The task:
Copy exactly the lines of the material below that run from the one containing "ennreal) \<Rightarrow> 'b" through the one containing "for the inverse". Copy no other lines.

Information:
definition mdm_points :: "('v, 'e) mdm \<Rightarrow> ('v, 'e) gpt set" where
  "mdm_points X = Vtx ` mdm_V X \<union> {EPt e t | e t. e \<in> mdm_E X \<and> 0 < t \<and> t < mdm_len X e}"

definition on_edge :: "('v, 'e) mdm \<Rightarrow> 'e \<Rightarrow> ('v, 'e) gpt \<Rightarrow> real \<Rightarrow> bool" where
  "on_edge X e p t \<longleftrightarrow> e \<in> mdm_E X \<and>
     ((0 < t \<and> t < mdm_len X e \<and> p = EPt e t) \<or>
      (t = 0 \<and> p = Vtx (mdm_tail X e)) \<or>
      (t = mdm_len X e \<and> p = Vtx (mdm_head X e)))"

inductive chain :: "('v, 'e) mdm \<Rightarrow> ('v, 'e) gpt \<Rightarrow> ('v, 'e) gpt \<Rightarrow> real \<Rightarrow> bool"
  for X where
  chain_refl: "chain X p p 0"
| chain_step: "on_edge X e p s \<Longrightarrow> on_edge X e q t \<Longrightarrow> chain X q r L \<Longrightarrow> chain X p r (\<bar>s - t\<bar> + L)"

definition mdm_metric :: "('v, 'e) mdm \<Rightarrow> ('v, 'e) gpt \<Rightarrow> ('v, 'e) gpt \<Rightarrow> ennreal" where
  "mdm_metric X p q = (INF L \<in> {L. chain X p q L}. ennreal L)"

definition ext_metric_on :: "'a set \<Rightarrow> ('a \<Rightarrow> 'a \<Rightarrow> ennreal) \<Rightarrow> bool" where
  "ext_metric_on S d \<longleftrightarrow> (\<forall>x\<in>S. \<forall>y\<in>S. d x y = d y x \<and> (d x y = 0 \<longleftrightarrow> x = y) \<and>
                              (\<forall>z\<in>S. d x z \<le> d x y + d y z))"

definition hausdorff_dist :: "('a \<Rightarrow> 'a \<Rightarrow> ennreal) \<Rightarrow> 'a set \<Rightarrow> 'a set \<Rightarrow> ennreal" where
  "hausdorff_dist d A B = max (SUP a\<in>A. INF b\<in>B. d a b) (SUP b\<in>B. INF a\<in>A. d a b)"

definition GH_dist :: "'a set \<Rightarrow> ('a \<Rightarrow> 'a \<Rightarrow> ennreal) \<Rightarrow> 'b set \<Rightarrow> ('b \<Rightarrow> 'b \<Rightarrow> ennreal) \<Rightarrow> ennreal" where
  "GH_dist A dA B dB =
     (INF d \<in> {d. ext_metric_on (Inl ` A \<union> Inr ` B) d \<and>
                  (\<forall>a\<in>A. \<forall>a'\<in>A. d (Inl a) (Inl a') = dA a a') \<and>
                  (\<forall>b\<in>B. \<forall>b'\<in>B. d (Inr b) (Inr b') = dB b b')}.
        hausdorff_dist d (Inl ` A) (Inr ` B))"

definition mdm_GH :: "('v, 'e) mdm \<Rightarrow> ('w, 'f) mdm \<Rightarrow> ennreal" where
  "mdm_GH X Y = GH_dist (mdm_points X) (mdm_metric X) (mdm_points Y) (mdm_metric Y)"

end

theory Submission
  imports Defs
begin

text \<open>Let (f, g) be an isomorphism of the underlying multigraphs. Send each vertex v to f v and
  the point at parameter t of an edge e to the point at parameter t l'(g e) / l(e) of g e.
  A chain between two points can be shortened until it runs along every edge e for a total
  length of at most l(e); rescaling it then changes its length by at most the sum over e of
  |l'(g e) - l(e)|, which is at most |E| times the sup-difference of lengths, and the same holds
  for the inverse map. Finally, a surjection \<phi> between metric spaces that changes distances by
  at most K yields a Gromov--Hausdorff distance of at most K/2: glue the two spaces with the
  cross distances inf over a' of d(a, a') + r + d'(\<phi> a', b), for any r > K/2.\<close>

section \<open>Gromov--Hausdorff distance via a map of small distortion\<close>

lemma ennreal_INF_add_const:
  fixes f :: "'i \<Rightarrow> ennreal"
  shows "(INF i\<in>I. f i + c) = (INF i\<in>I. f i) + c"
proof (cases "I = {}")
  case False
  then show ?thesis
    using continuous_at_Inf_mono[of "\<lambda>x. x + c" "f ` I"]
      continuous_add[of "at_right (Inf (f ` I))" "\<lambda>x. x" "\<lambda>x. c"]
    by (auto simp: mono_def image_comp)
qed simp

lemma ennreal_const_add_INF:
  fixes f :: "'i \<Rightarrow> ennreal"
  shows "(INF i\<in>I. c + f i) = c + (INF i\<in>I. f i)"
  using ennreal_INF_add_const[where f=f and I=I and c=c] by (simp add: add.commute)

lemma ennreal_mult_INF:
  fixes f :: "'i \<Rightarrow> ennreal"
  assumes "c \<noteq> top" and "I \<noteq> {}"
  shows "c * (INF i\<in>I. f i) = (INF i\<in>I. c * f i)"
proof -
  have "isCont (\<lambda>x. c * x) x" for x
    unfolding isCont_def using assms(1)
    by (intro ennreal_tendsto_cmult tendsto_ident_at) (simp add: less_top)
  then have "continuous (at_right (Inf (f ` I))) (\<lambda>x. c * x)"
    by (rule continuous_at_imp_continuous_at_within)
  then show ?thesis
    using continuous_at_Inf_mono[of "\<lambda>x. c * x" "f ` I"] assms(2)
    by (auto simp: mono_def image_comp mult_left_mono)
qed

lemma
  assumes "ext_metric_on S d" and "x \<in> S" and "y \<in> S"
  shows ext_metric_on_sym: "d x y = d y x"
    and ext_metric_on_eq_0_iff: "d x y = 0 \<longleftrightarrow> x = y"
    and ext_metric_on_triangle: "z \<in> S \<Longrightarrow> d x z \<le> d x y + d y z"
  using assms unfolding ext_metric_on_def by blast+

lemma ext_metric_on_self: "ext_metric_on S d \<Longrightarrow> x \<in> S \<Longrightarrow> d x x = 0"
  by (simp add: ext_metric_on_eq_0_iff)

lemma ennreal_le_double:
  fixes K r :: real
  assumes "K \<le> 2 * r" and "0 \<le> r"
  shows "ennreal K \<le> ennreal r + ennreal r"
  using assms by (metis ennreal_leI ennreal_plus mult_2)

Reply to the task:
definition GH_dist :: "'a set \<Rightarrow> ('a \<Rightarrow> 'a \<Rightarrow> ennreal) \<Rightarrow> 'b set \<Rightarrow> ('b \<Rightarrow> 'b \<Rightarrow> ennreal) \<Rightarrow> ennreal" where
  "GH_dist A dA B dB =
     (INF d \<in> {d. ext_metric_on (Inl ` A \<union> Inr ` B) d \<and>
                  (\<forall>a\<in>A. \<forall>a'\<in>A. d (Inl a) (Inl a') = dA a a') \<and>
                  (\<forall>b\<in>B. \<forall>b'\<in>B. d (Inr b) (Inr b') = dB b b')}.
        hausdorff_dist d (Inl ` A) (Inr ` B))"

definition mdm_GH :: "('v, 'e) mdm \<Rightarrow> ('w, 'f) mdm \<Rightarrow> ennreal" where
  "mdm_GH X Y = GH_dist (mdm_points X) (mdm_metric X) (mdm_points Y) (mdm_metric Y)"

end

theory Submission
  imports Defs
begin

text \<open>Let (f, g) be an isomorphism of the underlying multigraphs. Send each vertex v to f v and
  the point at parameter t of an edge e to the point at parameter t l'(g e) / l(e) of g e.
  A chain between two points can be shortened until it runs along every edge e for a total
  length of at most l(e); rescaling it then changes its length by at most the sum over e of
  |l'(g e) - l(e)|, which is at most |E| times the sup-difference of lengths, and the same holds
  for the inverse map. Finally, a surjection \<phi> between metric spaces that changes distances by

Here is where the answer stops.